───── Available data

lemma eventually_large_entry_propagates:
  fixes a :: "nat \<Rightarrow> nat \<Rightarrow> nat \<Rightarrow> real" and v :: "nat \<Rightarrow> nat \<Rightarrow> real"
  assumes lower: "\<And>n i j. 1 \<le> n \<Longrightarrow> i \<in> {1..n} \<Longrightarrow> j \<in> {1..n} \<Longrightarrow> i \<le> j \<Longrightarrow> a n i j = 0"
    and p_pos: "0 < p"
    and bound: "\<And>n i j. 1 \<le> n \<Longrightarrow> i \<in> {1..n} \<Longrightarrow> j \<in> {1..n} \<Longrightarrow> \<bar>a n i j\<bar>\<^sup>2 \<le> real n * p"
    and liminf: "ereal \<Gamma> \<le> Liminf sequentially (\<lambda>n. neg_log_rate n ((vnorm n (row_times_IpA n (v n) (a n)))\<^sup>2))"
    and "c < \<Gamma>"
  shows "\<forall>\<^sub>F n in sequentially. entries_propagate n (exp (- real n * c)) (real n powr (3/2) * sqrt p) (v n)"
  using eventually_entries_less_exp[OF liminf \<open>c < \<Gamma>\<close>] unfolding entries_propagate_def
proof (rule eventually_mono, intro ballI impI)
  fix n j
  assume small: "\<forall>j\<in>{1..n}. \<bar>row_times_IpA n (v n) (a n) j\<bar> < exp (- real n * c)"
    and j: "j \<in> {1..n}" and large: "exp (- real n * c) < \<bar>v n j\<bar>"
  have n: "1 \<le> n" using j by simp
  obtain i where i: "i \<in> {j+1..n}"
    and "\<bar>v n j\<bar> - exp (- real n * c) \<le> real n * sqrt (real n * p) * \<bar>v n i\<bar>"
    using strictly_lower_entry_propagates[OF lower[OF n _ j] _ j small[rule_format, OF j] large,
        of "sqrt (real n * p)"] bound[OF n _ j] by (auto simp: real_le_rsqrt)
  moreover have "real n * sqrt (real n * p) = real n powr (3/2) * sqrt p"
    by (simp add: mult_sqrt_mult_eq_powr)
  ultimately have "(\<bar>v n j\<bar> - exp (- real n * c)) / (real n powr (3/2) * sqrt p) \<le> \<bar>v n i\<bar>"
    using n p_pos by (simp add: divide_le_eq mult.commute)
  with i show "\<exists>i\<in>{j+1..n}. (\<bar>v n j\<bar> - exp (- real n * c)) / (real n powr (3/2) * sqrt p) \<le> \<bar>v n i\<bar>"
    by blast
qed

lemma exists_entry_ge_inverse_sqrt:
  assumes "1 \<le> n" and unit: "vnorm n v = 1"
  shows "\<exists>j\<in>{1..n}. 1 / sqrt (real n) \<le> \<bar>v j\<bar>"
proof (rule ccontr)
  assume "\<not> ?thesis"
  then have "(v j)\<^sup>2 < 1 / real n" if "j \<in> {1..n}" for j
    using that power_strict_mono[of "\<bar>v j\<bar>" "1 / sqrt (real n)" 2]
    by (auto simp: not_le power_divide)
  then have "(\<Sum>j=1..n. (v j)\<^sup>2) < (\<Sum>j=1..n. 1 / real n)"
    using \<open>1 \<le> n\<close> by (intro sum_strict_mono) auto
  also have "\<dots> = 1"
    using \<open>1 \<le> n\<close> by simp
  finally show False
    using unit by (simp add: vnorm_def)
qed

lemma card_entries_gt_ge_of_propagation:
  fixes v :: "nat \<Rightarrow> real"
  assumes D: "0 < D"
    and propagate: "entries_propagate n E D v"
    and j\<^sub>0: "j\<^sub>0 \<in> {1..n}" "\<mu> \<le> \<bar>v j\<^sub>0\<bar>"
    and above_thr: "\<And>k. k \<le> K \<Longrightarrow> thr < \<mu> / (2 * D) ^ k"
    and above_err: "\<And>k. k \<le> K \<Longrightarrow> 2 * E < \<mu> / (2 * D) ^ k"
  shows "K + 1 \<le> card {j\<in>{1..n}. thr < \<bar>v j\<bar>}"
proof -
  define S where "S = {j\<in>{1..n}. thr < \<bar>v j\<bar>}"
  have chain: "\<exists>j\<in>{1..n}. \<mu> / (2 * D) ^ k \<le> \<bar>v j\<bar> \<and> k + 1 \<le> card {i\<in>S. i \<le> j}"
    if "k \<le> K" for k
    using that
  proof (induction k)
    case 0
    then have "j\<^sub>0 \<in> {i\<in>S. i \<le> j\<^sub>0}"
      using j\<^sub>0 above_thr[of 0] by (auto simp: S_def)
    then have "1 \<le> card {i\<in>S. i \<le> j\<^sub>0}"
      by (auto simp: Suc_le_eq card_gt_0_iff S_def)
    with j\<^sub>0 show ?case
      by auto
  next
    case (Suc k)
    then obtain j where j: "j \<in> {1..n}" "\<mu> / (2 * D) ^ k \<le> \<bar>v j\<bar>" "k + 1 \<le> card {i\<in>S. i \<le> j}"
      by auto
    have err: "2 * E < \<mu> / (2 * D) ^ k"
      using above_err Suc.prems by simp
    then have "E < \<bar>v j\<bar>"
      using j(2) abs_ge_zero[of "v j"] by linarith
    then obtain i where i: "i \<in> {j+1..n}" "(\<bar>v j\<bar> - E) / D \<le> \<bar>v i\<bar>"
      using propagate j(1) unfolding entries_propagate_def by blast
    have "\<mu> / (2 * D) ^ Suc k = (\<mu> / (2 * D) ^ k / 2) / D"
      by simp
    also have "\<dots> \<le> (\<bar>v j\<bar> - E) / D"
      using D j(2) err by (intro divide_right_mono) auto
    finally have ge: "\<mu> / (2 * D) ^ Suc k \<le> \<bar>v i\<bar>"
      using i(2) by linarith
    have "insert i {i'\<in>S. i' \<le> j} \<subseteq> {i'\<in>S. i' \<le> i}"
      using i j ge above_thr[OF Suc.prems] by (auto simp: S_def)
    then have "card (insert i {i'\<in>S. i' \<le> j}) \<le> card {i'\<in>S. i' \<le> i}"
      by (intro card_mono) (auto simp: S_def)
    with i j(3) have "Suc k + 1 \<le> card {i'\<in>S. i' \<le> i}"
      by (simp add: S_def)
    with i j ge show ?case
      by auto
  qed
  obtain j where "K + 1 \<le> card {i\<in>S. i \<le> j}"
    using chain by blast
  also have "\<dots> \<le> card S"
    by (intro card_mono) (auto simp: S_def)
  finally show ?thesis
    by (simp add: S_def)
qed

lemma eventually_less_powr_div:
  assumes "((\<lambda>n. f n / real n powr \<alpha>) \<longlongrightarrow> 0) sequentially" and "0 < D"
  shows "\<forall>\<^sub>F n in sequentially. f n < real n powr \<alpha> / D"
proof -
  have "\<forall>\<^sub>F n in sequentially. f n / real n powr \<alpha> < 1 / D"
    using assms by (intro order_tendstoD(2)) auto
  then show ?thesis
    using eventually_gt_at_top[of 0]
    by eventually_elim (use \<open>0 < D\<close> in \<open>simp add: field_simps\<close>)
qed

lemma inverse_sqrt_div_power_eq_powr:
  assumes "0 < x"
  shows "(1 / sqrt x) / (2 * (x powr (3/2) * sqrt p)) ^ k = x powr (- 1/2 - 3/2 * real k) / (2 * sqrt p) ^ k"
proof -
  have "x powr (- 1/2 - 3/2 * real k) = x powr (- (1/2)) / (x powr (3/2)) ^ k"
    using assms by (simp add: powr_diff powr_power mult.commute)
  also have "x powr (- (1/2)) = 1 / sqrt x"
    using assms by (simp add: powr_minus_divide powr_half_sqrt)
  finally show ?thesis
    by (simp add: power_mult_distrib field_simps)
qed

lemma card_large_entries_unbounded:
  fixes v :: "nat \<Rightarrow> nat \<Rightarrow> real"
  assumes p_pos: "0 < p" and c_pos: "0 < c"
    and unit: "\<forall>n\<ge>1. vnorm n (v n) = 1"
    and propagate: "\<forall>\<^sub>F n in sequentially. entries_propagate n (exp (- real n * c)) (real n powr (3/2) * sqrt p) (v n)"
  shows "\<not> bdd_above (range (\<lambda>n. card {j\<in>{1..n}. real n powr (- 2 * ln (real n)) < \<bar>v n j\<bar>}))"
proof
  assume "bdd_above (range (\<lambda>n. card {j\<in>{1..n}. real n powr (- 2 * ln (real n)) < \<bar>v n j\<bar>}))"
  then obtain K where K: "\<And>n. card {j\<in>{1..n}. real n powr (- 2 * ln (real n)) < \<bar>v n j\<bar>} \<le> K"
    by (auto simp: bdd_above_def)
  define L where "L k n = real n powr (- 1/2 - 3/2 * real k) / (2 * sqrt p) ^ k" for k n
  have "\<forall>\<^sub>F n in sequentially. real n powr (- 2 * ln (real n)) < L k n" for k
  proof -
    have "(\<lambda>n. real n powr (- 2 * ln (real n)) / real n powr (- 1/2 - 3/2 * real k)) \<longlonglongrightarrow> 0"
      by real_asymp
    then show ?thesis
      unfolding L_def using p_pos by (intro eventually_less_powr_div) simp_all
  qed
  moreover have "\<forall>\<^sub>F n in sequentially. 2 * exp (- real n * c) < L k n" for k
  proof -
    have "(\<lambda>n. 2 * exp (- real n * c) / real n powr (- 1/2 - 3/2 * real k)) \<longlonglongrightarrow> 0"
      using c_pos by real_asymp
    then show ?thesis
      unfolding L_def using p_pos by (intro eventually_less_powr_div) simp_all
  qed
  ultimately have "\<forall>\<^sub>F n in sequentially.
      \<forall>k\<in>{..K}. real n powr (- 2 * ln (real n)) < L k n \<and> 2 * exp (- real n * c) < L k n"
    by (intro eventually_ball_finite ballI eventually_conj) simp_all
  then obtain n where n: "1 \<le> n"
    and thr_err: "\<forall>k\<in>{..K}. real n powr (- 2 * ln (real n)) < L k n \<and> 2 * exp (- real n * c) < L k n"
    and prop_n: "entries_propagate n (exp (- real n * c)) (real n powr (3/2) * sqrt p) (v n)"
    using eventually_happens'[OF sequentially_bot,
        OF eventually_conj[OF _ eventually_conj[OF propagate eventually_ge_at_top]]]
    by blast
  obtain j\<^sub>0 where "j\<^sub>0 \<in> {1..n}" "1 / sqrt (real n) \<le> \<bar>v n j\<^sub>0\<bar>"
    using exists_entry_ge_inverse_sqrt[OF n] unit n by blast
  moreover have "(1 / sqrt (real n)) / (2 * (real n powr (3/2) * sqrt p)) ^ k = L k n" for k
    unfolding L_def using n by (intro inverse_sqrt_div_power_eq_powr) simp
  ultimately have "K + 1 \<le> card {j\<in>{1..n}. real n powr (- 2 * ln (real n)) < \<bar>v n j\<bar>}"
    using card_entries_gt_ge_of_propagation[where D = "real n powr (3/2) * sqrt p" and v = "v n"
        and E = "exp (- real n * c)" and \<mu> = "1 / sqrt (real n)"] prop_n thr_err n p_pos
    by simp
  with K[of n] show False
    by simp
qed

theorem lemma3:
  fixes a :: "nat \<Rightarrow> nat \<Rightarrow> nat \<Rightarrow> real"
    and v :: "nat \<Rightarrow> nat \<Rightarrow> real"
    and p \<Gamma> :: real
  assumes lower: "\<And>n i j. 1 \<le> n \<Longrightarrow> i \<in> {1..n} \<Longrightarrow> j \<in> {1..n} \<Longrightarrow> i \<le> j \<Longrightarrow> a n i j = 0"
    and p_pos: "p > 0"
    and bound: "\<And>n i j. 1 \<le> n \<Longrightarrow> i \<in> {1..n} \<Longrightarrow> j \<in> {1..n} \<Longrightarrow> \<bar>a n i j\<bar>^2 \<le> real n * p"
    and Gamma_pos: "\<Gamma> > 0"
    and liminf: "Liminf sequentially (\<lambda>n. neg_log_rate n ((vnorm n (row_times_IpA n (v n) (a n)))^2)) \<ge> ereal \<Gamma>"
  shows "(\<forall>\<epsilon>. 0 < \<epsilon> \<and> \<epsilon> < \<Gamma> \<longrightarrow>
            (\<forall>\<^sub>F n in sequentially. \<forall>j\<in>{1..n}.
               \<bar>v n j\<bar> > exp (- real n * (\<Gamma> - \<epsilon>)) \<longrightarrow>
               (\<exists>i\<in>{j+1..n}. \<bar>v n i\<bar> \<ge> (\<bar>v n j\<bar> - exp (- real n * (\<Gamma> - \<epsilon>))) / (real n powr (3/2) * sqrt p))))
         \<and> ((\<forall>n\<ge>1. vnorm n (v n) = 1) \<longrightarrow>
            \<not> bdd_above (range (\<lambda>n. card {j\<in>{1..n}. \<bar>v n j\<bar> > real n powr (- 2 * ln (real n))})))"
proof (intro conjI allI impI)
  fix \<epsilon> :: real
  assume "0 < \<epsilon> \<and> \<epsilon> < \<Gamma>"
  then have "\<Gamma> - \<epsilon> < \<Gamma>"
    by simp
  then show "\<forall>\<^sub>F n in sequentially. \<forall>j\<in>{1..n}.
               \<bar>v n j\<bar> > exp (- real n * (\<Gamma> - \<epsilon>)) \<longrightarrow>
               (\<exists>i\<in>{j+1..n}. \<bar>v n i\<bar> \<ge> (\<bar>v n j\<bar> - exp (- real n * (\<Gamma> - \<epsilon>))) / (real n powr (3/2) * sqrt p))"
    using eventually_large_entry_propagates[OF lower p_pos bound liminf, of "\<Gamma> - \<epsilon>"]
    by (simp add: entries_propagate_def)
next
  assume "\<forall>n\<ge>1. vnorm n (v n) = 1"
  moreover have "0 < \<Gamma> / 2" and "\<Gamma> / 2 < \<Gamma>"
    using Gamma_pos by simp_all
  ultimately show "\<not> bdd_above (range (\<lambda>n. card {j\<in>{1..n}. \<bar>v n j\<bar> > real n powr (- 2 * ln (real n))}))"
    using card_large_entries_unbounded[OF p_pos] eventually_large_entry_propagates[OF lower p_pos bound liminf]
    by blast
qed

end
(* Let $l\ge1$ and work in $\mathfrak{OA}_{1,2l}=\mathfrak{OA}/\mathfrak I_{(t-1)^{2l}}$, writing $X_k,Y_k$ for the images. The operator $\mathrm{ad}\,X_0$ on $\mathfrak{OA}_{1,2l}$ is diagonalizable with eigenvalues $0,4,-4$, each eigenspace being $l$-dimensional, with bases: eigenvalue $0$: $X_0$ and $\sum_{k=2j-2}^{2l-1}(-1)^k\binom{k-1}{2j-4}X_k$ for $2\le j\le l$; eigenvalue $\pm4$: $2Y_{2j-1}\pm\Big(X_{2j-1}-\sum_{k=2j-1}^{2l-1}(-1)^k\binom{k-1}{2j-2}X_k\Big)$ for $1\le j\le l$. Moreover the $0$-eigenvectors commute with each other.
   Context: Work over $\mathbb C$. $\mathfrak{sl}_2$ has basis $e,f,h$ with $[e,f]=h$, $[h,e]=2e$, $[h,f]=-2f$. The Onsager algebra is the Lie subalgebra $\mathfrak{OA}=\{p(t)e+p(t^{-1})f+q(t)h:\ p,q\in\mathbb C[t,t^{-1}],\ q(t^{-1})=-q(t)\}$ of the loop algebra $\mathbb C[t,t^{-1}]\otimes\mathfrak{sl}_2$ (bracket $[px,qy]=pq[x,y]$). $\mathfrak I_{(t-1)^L}=\{p(t)e+p(t^{-1})f+q(t)h\in\mathfrak{OA}: p,q\in(t-1)^L\mathbb C[t,t^{-1}]\}$. For $k\ge0$, $X_k=2(t-1)^ke+2(t^{-1}-1)^kf$ and $Y_k=(-1)^k\big((t-1)^k-(t^{-1}-1)^k\big)h$, elements of $\mathfrak{OA}$. $\binom xa=x(x-1)\cdots(x-a+1)/a!$, $\binom x0=1$. *)

theory Defs
  imports Complex_Main "HOL-Computational_Algebra.Polynomial"
    "HOL-Library.Function_Algebras" "HOL-Library.Product_Plus"
begin

text \<open>Laurent polynomials in t are represented by the functions they induce on the
nonzero complex numbers (value 0 forced at z = 0), which is an injective
representation of C[t,t^-1].  An element p e + q f + r h of the loop algebra
C[t,t^-1] (x) sl2 is the triple (p, q, r).\<close>

type_synonym lp = "complex \<Rightarrow> complex"
type_synonym oa_elt = "lp \<times> lp \<times> lp"

definition mask :: "lp \<Rightarrow> lp" where
  "mask g = (\<lambda>z. if z = 0 then 0 else g z)"

definition laurent :: "lp \<Rightarrow> bool" where
  "laurent p \<longleftrightarrow> (\<exists>P::complex poly. \<exists>n::nat. p = mask (\<lambda>z. poly P z / z ^ n))"

definition inv_arg :: "lp \<Rightarrow> lp" where
  "inv_arg p = (\<lambda>z. p (inverse z))"

text \<open>Loop algebra bracket: [e,f]=h, [h,e]=2e, [h,f]=-2f, coefficients multiply.\<close>
definition loop_bracket :: "oa_elt \<Rightarrow> oa_elt \<Rightarrow> oa_elt" where
  "loop_bracket x y = (case x of (a1, b1, c1) \<Rightarrow> case y of (a2, b2, c2) \<Rightarrow>
     (2 * (c1 * a2 - a1 * c2), 2 * (b1 * c2 - c1 * b2), a1 * b2 - b1 * a2))"

definition elt_scale :: "complex \<Rightarrow> oa_elt \<Rightarrow> oa_elt" where
  "elt_scale c x = (case x of (a, b, d) \<Rightarrow> ((\<lambda>z. c * a z), (\<lambda>z. c * b z), (\<lambda>z. c * d z)))"

definition Onsager :: "oa_elt set" where
  "Onsager = {(p, q, r). laurent p \<and> q = inv_arg p \<and> laurent r \<and> inv_arg r = - r}"

definition onsager_ideal :: "nat \<Rightarrow> oa_elt set" where
  "onsager_ideal L = {(p, q, r). (p, q, r) \<in> Onsager \<and>
     (\<exists>u v. laurent u \<and> laurent v \<and> p = (\<lambda>z. (z - 1) ^ L * u z) \<and> r = (\<lambda>z. (z - 1) ^ L * v z))}"

definition Xel :: "nat \<Rightarrow> oa_elt" where
  "Xel k = (mask (\<lambda>z. 2 * (z - 1) ^ k), mask (\<lambda>z. 2 * (inverse z - 1) ^ k), 0)"

definition Yel :: "nat \<Rightarrow> oa_elt" where
  "Yel k = (0, 0, mask (\<lambda>z. (-1) ^ k * ((z - 1) ^ k - (inverse z - 1) ^ k)))"

definition zero_vec :: "nat \<Rightarrow> nat \<Rightarrow> oa_elt" where
  "zero_vec l j = (if j = 1 then Xel 0 else
     (\<Sum>k\<in>{2*j-2..2*l-1}. elt_scale ((-1) ^ k * of_nat ((k - 1) choose (2*j-4))) (Xel k)))"

definition pm_vec :: "nat \<Rightarrow> complex \<Rightarrow> nat \<Rightarrow> oa_elt" where
  "pm_vec l s j = elt_scale 2 (Yel (2*j-1)) + elt_scale s (Xel (2*j-1) -
     (\<Sum>k\<in>{2*j-1..2*l-1}. elt_scale ((-1) ^ k * of_nat ((k - 1) choose (2*j-2))) (Xel k)))"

──────────

▶ [What the task requires]
For each line above that includes "obtain", copy the line.

▶ [Solution to the problem]
  obtain i where i: "i \<in> {j+1..n}"
    then obtain j where j: "j \<in> {1..n}" "\<mu> / (2 * D) ^ k \<le> \<bar>v j\<bar>" "k + 1 \<le> card {i\<in>S. i \<le> j}"
    then obtain i where i: "i \<in> {j+1..n}" "(\<bar>v j\<bar> - E) / D \<le> \<bar>v i\<bar>"
  obtain j where "K + 1 \<le> card {i\<in>S. i \<le> j}"
  then obtain K where K: "\<And>n. card {j\<in>{1..n}. real n powr (- 2 * ln (real n)) < \<bar>v n j\<bar>} \<le> K"
  then obtain n where n: "1 \<le> n"
  obtain j\<^sub>0 where "j\<^sub>0 \<in> {1..n}" "1 / sqrt (real n) \<le> \<bar>v n j\<^sub>0\<bar>"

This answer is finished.